__Collected data__
---------------

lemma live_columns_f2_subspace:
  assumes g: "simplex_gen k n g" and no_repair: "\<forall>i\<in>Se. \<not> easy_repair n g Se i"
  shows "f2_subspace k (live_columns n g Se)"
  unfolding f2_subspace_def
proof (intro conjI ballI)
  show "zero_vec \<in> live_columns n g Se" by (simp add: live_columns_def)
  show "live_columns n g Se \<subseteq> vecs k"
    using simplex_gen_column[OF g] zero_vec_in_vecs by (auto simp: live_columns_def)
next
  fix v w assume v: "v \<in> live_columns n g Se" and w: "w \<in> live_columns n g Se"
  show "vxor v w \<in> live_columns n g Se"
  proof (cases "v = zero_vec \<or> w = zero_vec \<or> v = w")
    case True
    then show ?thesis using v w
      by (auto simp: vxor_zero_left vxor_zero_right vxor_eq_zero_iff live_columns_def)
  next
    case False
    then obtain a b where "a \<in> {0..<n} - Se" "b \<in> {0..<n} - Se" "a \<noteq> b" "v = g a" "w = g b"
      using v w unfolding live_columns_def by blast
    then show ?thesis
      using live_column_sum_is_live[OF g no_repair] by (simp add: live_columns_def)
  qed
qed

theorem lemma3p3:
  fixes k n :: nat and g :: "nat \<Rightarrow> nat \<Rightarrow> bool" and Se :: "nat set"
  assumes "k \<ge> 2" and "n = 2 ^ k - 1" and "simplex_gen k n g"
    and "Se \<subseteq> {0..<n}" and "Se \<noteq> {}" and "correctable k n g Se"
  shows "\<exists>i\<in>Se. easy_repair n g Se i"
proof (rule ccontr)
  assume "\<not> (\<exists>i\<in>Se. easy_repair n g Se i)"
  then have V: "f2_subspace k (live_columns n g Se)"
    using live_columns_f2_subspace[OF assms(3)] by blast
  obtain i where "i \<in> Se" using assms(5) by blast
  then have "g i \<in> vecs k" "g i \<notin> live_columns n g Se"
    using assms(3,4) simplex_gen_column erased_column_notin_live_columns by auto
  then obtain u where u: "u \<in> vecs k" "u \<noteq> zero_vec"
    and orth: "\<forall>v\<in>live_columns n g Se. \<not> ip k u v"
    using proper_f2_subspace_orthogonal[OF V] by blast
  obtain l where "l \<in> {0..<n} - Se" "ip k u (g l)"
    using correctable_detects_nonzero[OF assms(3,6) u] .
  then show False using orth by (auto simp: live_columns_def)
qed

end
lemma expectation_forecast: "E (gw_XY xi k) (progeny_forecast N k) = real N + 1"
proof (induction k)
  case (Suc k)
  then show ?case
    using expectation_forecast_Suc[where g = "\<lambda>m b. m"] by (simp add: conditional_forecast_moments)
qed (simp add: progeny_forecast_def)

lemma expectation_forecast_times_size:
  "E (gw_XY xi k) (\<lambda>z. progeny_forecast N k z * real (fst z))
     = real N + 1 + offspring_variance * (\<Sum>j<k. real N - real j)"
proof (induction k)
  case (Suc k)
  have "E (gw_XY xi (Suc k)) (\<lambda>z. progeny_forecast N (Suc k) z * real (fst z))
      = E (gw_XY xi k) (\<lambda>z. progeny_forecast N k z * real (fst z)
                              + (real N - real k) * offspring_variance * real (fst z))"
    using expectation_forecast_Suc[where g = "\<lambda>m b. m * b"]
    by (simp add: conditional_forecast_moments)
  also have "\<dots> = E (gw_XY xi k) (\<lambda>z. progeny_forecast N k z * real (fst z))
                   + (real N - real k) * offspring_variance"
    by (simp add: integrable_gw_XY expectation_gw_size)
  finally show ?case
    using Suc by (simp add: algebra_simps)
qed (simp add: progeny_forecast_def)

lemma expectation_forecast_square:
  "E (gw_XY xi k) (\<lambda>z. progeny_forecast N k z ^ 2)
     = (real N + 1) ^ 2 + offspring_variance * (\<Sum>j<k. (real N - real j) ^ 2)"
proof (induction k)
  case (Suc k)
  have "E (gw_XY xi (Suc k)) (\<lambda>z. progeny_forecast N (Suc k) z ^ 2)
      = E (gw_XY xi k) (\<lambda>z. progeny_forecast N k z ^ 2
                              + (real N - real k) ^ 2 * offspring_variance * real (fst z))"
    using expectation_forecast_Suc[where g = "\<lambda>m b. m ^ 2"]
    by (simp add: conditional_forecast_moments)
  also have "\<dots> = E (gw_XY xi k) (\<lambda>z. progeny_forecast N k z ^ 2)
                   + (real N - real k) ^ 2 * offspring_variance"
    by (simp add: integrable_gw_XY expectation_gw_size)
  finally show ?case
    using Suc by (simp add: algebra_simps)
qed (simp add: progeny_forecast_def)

---------------

__ASSIGNMENT__
Set down the records again verbatim, so that each word stays as it is.

__EXERCISE RESPONSE__
lemma live_columns_f2_subspace:
  assumes g: "simplex_gen k n g" and no_repair: "\<forall>i\<in>Se. \<not> easy_repair n g Se i"
  shows "f2_subspace k (live_columns n g Se)"
  unfolding f2_subspace_def
proof (intro conjI ballI)
  show "zero_vec \<in> live_columns n g Se" by (simp add: live_columns_def)
  show "live_columns n g Se \<subseteq> vecs k"
    using simplex_gen_column[OF g] zero_vec_in_vecs by (auto simp: live_columns_def)
next
  fix v w assume v: "v \<in> live_columns n g Se" and w: "w \<in> live_columns n g Se"
  show "vxor v w \<in> live_columns n g Se"
  proof (cases "v = zero_vec \<or> w = zero_vec \<or> v = w")
    case True
    then show ?thesis using v w
      by (auto simp: vxor_zero_left vxor_zero_right vxor_eq_zero_iff live_columns_def)
  next
    case False
    then obtain a b where "a \<in> {0..<n} - Se" "b \<in> {0..<n} - Se" "a \<noteq> b" "v = g a" "w = g b"
      using v w unfolding live_columns_def by blast
    then show ?thesis
      using live_column_sum_is_live[OF g no_repair] by (simp add: live_columns_def)
  qed
qed

theorem lemma3p3:
  fixes k n :: nat and g :: "nat \<Rightarrow> nat \<Rightarrow> bool" and Se :: "nat set"
  assumes "k \<ge> 2" and "n = 2 ^ k - 1" and "simplex_gen k n g"
    and "Se \<subseteq> {0..<n}" and "Se \<noteq> {}" and "correctable k n g Se"
  shows "\<exists>i\<in>Se. easy_repair n g Se i"
proof (rule ccontr)
  assume "\<not> (\<exists>i\<in>Se. easy_repair n g Se i)"
  then have V: "f2_subspace k (live_columns n g Se)"
    using live_columns_f2_subspace[OF assms(3)] by blast
  obtain i where "i \<in> Se" using assms(5) by blast
  then have "g i \<in> vecs k" "g i \<notin> live_columns n g Se"
    using assms(3,4) simplex_gen_column erased_column_notin_live_columns by auto
  then obtain u where u: "u \<in> vecs k" "u \<noteq> zero_vec"
    and orth: "\<forall>v\<in>live_columns n g Se. \<not> ip k u v"
    using proper_f2_subspace_orthogonal[OF V] by blast
  obtain l where "l \<in> {0..<n} - Se" "ip k u (g l)"
    using correctable_detects_nonzero[OF assms(3,6) u] .
  then show False using orth by (auto simp: live_columns_def)
qed

end
lemma expectation_forecast: "E (gw_XY xi k) (progeny_forecast N k) = real N + 1"
proof (induction k)
  case (Suc k)
  then show ?case
    using expectation_forecast_Suc[where g = "\<lambda>m b. m"] by (simp add: conditional_forecast_moments)
qed (simp add: progeny_forecast_def)

lemma expectation_forecast_times_size:
  "E (gw_XY xi k) (\<lambda>z. progeny_forecast N k z * real (fst z))
     = real N + 1 + offspring_variance * (\<Sum>j<k. real N - real j)"
proof (induction k)
  case (Suc k)
  have "E (gw_XY xi (Suc k)) (\<lambda>z. progeny_forecast N (Suc k) z * real (fst z))
      = E (gw_XY xi k) (\<lambda>z. progeny_forecast N k z * real (fst z)
                              + (real N - real k) * offspring_variance * real (fst z))"
    using expectation_forecast_Suc[where g = "\<lambda>m b. m * b"]
    by (simp add: conditional_forecast_moments)
  also have "\<dots> = E (gw_XY xi k) (\<lambda>z. progeny_forecast N k z * real (fst z))
                   + (real N - real k) * offspring_variance"
    by (simp add: integrable_gw_XY expectation_gw_size)
  finally show ?case
    using Suc by (simp add: algebra_simps)
qed (simp add: progeny_forecast_def)

lemma expectation_forecast_square:
  "E (gw_XY xi k) (\<lambda>z. progeny_forecast N k z ^ 2)
     = (real N + 1) ^ 2 + offspring_variance * (\<Sum>j<k. (real N - real j) ^ 2)"
proof (induction k)
  case (Suc k)
  have "E (gw_XY xi (Suc k)) (\<lambda>z. progeny_forecast N (Suc k) z ^ 2)
      = E (gw_XY xi k) (\<lambda>z. progeny_forecast N k z ^ 2
                              + (real N - real k) ^ 2 * offspring_variance * real (fst z))"
    using expectation_forecast_Suc[where g = "\<lambda>m b. m ^ 2"]
    by (simp add: conditional_forecast_moments)
  also have "\<dots> = E (gw_XY xi k) (\<lambda>z. progeny_forecast N k z ^ 2)
                   + (real N - real k) ^ 2 * offspring_variance"
    by (simp add: integrable_gw_XY expectation_gw_size)
  finally show ?case
    using Suc by (simp add: algebra_simps)
qed (simp add: progeny_forecast_def)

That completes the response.